People who play armchair doctor only make things worse for those of us who are actually disabled.


What is your aerobic exercise?


My workout routine was prescribed by an MD who specializing in pain, specifically targeting my areas of pain. Then it was reinforced over eight weeks, four days per week, six hours per day by a team of two physical therapists and one occupational therapist in a pain management program. The program follows the bio-psycho-social model of pain management.

That said, I’m not going to share details with you because your other comments in this thread indicate that you intend to argue in bad faith.

However, if anything I said seems interesting, feel free to google! The bio-psycho-social model is very interesting, it’s the first real advance in pain management since we lost opioids as an option.
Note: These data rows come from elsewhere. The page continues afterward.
text \<open>The triangle removed by flip \<open>m\<close> and created by flip \<open>i\<close> contains both the new
  diagonal of \<open>i\<close> and the edge of \<open>m\<close>; as it survives until \<open>m\<close>, no flip in between
  has that diagonal as its edge, since that flip would remove it.\<close>
lemma depends_dag_arc:
  assumes len: "length F = n" and F: "\<And>i. i < n \<Longrightarrow> F ! i = {A i, B i}" and dep: "depends i m"
  shows "dag_arc F Ts i m"
proof -
  obtain t where t: "i < m" "m < n" "t \<in> removed m" "t \<in> created i" "survives (Suc i) t m"
    using dep unfolding depends_def by blast
  have diag: "new_diag (Ts ! i) (F ! i) = {C i, D i}"
    using convex_flip.new_diag_eq[OF flip] F t by simp
  have born: "born (Suc i) t" using t unfolding born_def by simp
  have alive: "t \<in> Ts ! k" if "Suc i \<le> k" "k \<le> m" for k
  proof (rule born_survives_mem[OF born _ that(1)])
    show "survives (Suc i) t k" using t(5) that(2) unfolding survives_def by simp
    show "k \<le> n" using that(2) t(2) by simp
  qed
  have edge_sub: "F ! m \<subseteq> t" using t F unfolding removed_def by auto
  have diag_sub: "{C i, D i} \<subseteq> t" using t unfolding created_def by auto
  have "share_triangle (Ts ! m) {C i, D i} (F ! m)" if "{C i, D i} \<noteq> F ! m"
    unfolding share_triangle_def using that alive[of m] t(1) edge_sub diag_sub
    by (intro conjI bexI[of _ t]) auto
  then have adjacent: "{C i, D i} = F ! m \<or> share_triangle (Ts ! m) {C i, D i} (F ! m)" by blast
  have not_flipped: "F ! p \<noteq> {C i, D i}" if p: "i < p" "p < m" for p
  proof
    assume "F ! p = {C i, D i}"
    moreover have p_lt: "p < n" using p t by simp
    ultimately have "{A p, B p} \<subseteq> t" using F diag_sub by simp
    then have "t \<in> removed p" using triangle_on_flipped_edge_removed[OF p_lt] alive p by simp
    then show False using t(5) p unfolding survives_def by simp
  qed
  show ?thesis unfolding dag_arc_def diag
  proof (intro conjI)
    show "i < m" "m < length F" using t(1,2) len by simp_all
    show "\<not> (\<exists>p. i < p \<and> p < m \<and> F ! p = {C i, D i})" using not_flipped by blast
  qed (rule adjacent)
qed

end

lemma flip_run_history:
  assumes run: "flip_run P T0 F Ts"
  obtains A B C D where "flip_history P Ts (length F) A B C D"
    and "\<And>i. i < length F \<Longrightarrow> F ! i = {A i, B i}"
proof -
  define flip_at where "flip_at i a b c d \<longleftrightarrow> F ! i = {a, b} \<and> a \<noteq> b \<and> c \<noteq> d \<and>
    {a, b, c} \<in> Ts ! i \<and> {a, b, d} \<in> Ts ! i \<and> convex_quad a b c d \<and>
    Ts ! (i + 1) = (Ts ! i - {{a, b, c}, {a, b, d}}) \<union> {{a, c, d}, {b, c, d}}" for i a b c d
  have "\<forall>i. \<exists>a b c d. i < length F \<longrightarrow> flip_at i a b c d"
    using run unfolding flip_run_def flip_step_def flip_at_def by metis
  then obtain A B C D where w: "\<And>i. i < length F \<Longrightarrow> flip_at i (A i) (B i) (C i) (D i)"
    by metis
  have "flip_history P Ts (length F) A B C D"
  proof (rule flip_history.intro)
    show "is_triangulation P (Ts ! 0)" using run unfolding flip_run_def by auto
    fix i assume i: "i < length F"
    show "convex_flip P (Ts ! i) (A i) (B i) (C i) (D i)"
      using run w[OF i] i unfolding flip_run_def flip_at_def by unfold_locales simp_all
    show "Ts ! Suc i = (Ts ! i - {{A i, B i, C i}, {A i, B i, D i}}) \<union> {{A i, C i, D i}, {B i, C i, D i}}"
      using w[OF i] unfolding flip_at_def by simp
  qed
  then show thesis using that w unfolding flip_at_def by blast
qed

theorem lemma1:
  fixes P :: "pt set" and T0 :: "pt set set" and F :: "pt set list"
    and Ts :: "pt set set list" and \<sigma> :: "nat \<Rightarrow> nat"
  assumes "is_triangulation P T0"
    and "flip_run P T0 F Ts"
    and "bij_betw \<sigma> {..<length F} {..<length F}"
    and "\<forall>k < length F. \<forall>l < length F. dag_arc F Ts (\<sigma> k) (\<sigma> l) \<longrightarrow> k < l"
  shows "\<exists>Ts'. flip_run P T0 (map (\<lambda>k. F ! \<sigma> k) [0..<length F]) Ts' \<and> last Ts' = last Ts"
proof -
  obtain A B C D where hist: "flip_history P Ts (length F) A B C D"
    and F: "\<And>i. i < length F \<Longrightarrow> F ! i = {A i, B i}"
    using flip_run_history[OF assms(2)] by blast
  have order: "l < k" if "k < length F" "l < length F"
    and "flip_history.depends (length F) A B C D (\<sigma> l) (\<sigma> k)" for k l
    using assms(4) flip_history.depends_dag_arc[OF hist refl F] that by blast
  have edges: "map (\<lambda>k. F ! \<sigma> k) [0..<length F] = map (\<lambda>k. {A (\<sigma> k), B (\<sigma> k)}) [0..<length F]"
    using F bij_betwE[OF assms(3)] by (intro map_cong) simp_all
  have T0: "T0 = Ts ! 0" and len: "length Ts = Suc (length F)"
    using assms(2) unfolding flip_run_def by simp_all
  have replay: "flip_run P (Ts ! 0) (map (\<lambda>k. {A (\<sigma> k), B (\<sigma> k)}) [0..<length F])
      (map (\<lambda>k. flip_history.live Ts (length F) A B C D (\<sigma> ` {..<k})) [0..<Suc (length F)])"
    by (rule flip_history.replay_flip_run[OF hist assms(3)]) (fact order)
  have last: "last Ts = Ts ! length F" using len by (subst last_conv_nth) auto
  have "last (map (\<lambda>k. flip_history.live Ts (length F) A B C D (\<sigma> ` {..<k})) [0..<Suc (length F)])
      = last Ts"
    unfolding last by (rule flip_history.replay_last[OF hist assms(3)]) (fact order)
  then show ?thesis unfolding edges T0 using replay by blast
qed

end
These kinds of disorders — the ones you think aren’t real — are really disabling. I genuinely hope that you (or really anyone) never find yourself in this position, it’s truly miserable.


I would be concerned if it has not solved your pain. Physical therapy did very little for me and the exercises they recommended because it is so weak. HIIT and core strength training was far more beneficial for pain


OK! Good luck, I hope you’re never disabled, you won’t enjoy it.


> Notice the absurd number of young, frail people with canes and masks.

I don't notice them. Do you have numbers to back this up?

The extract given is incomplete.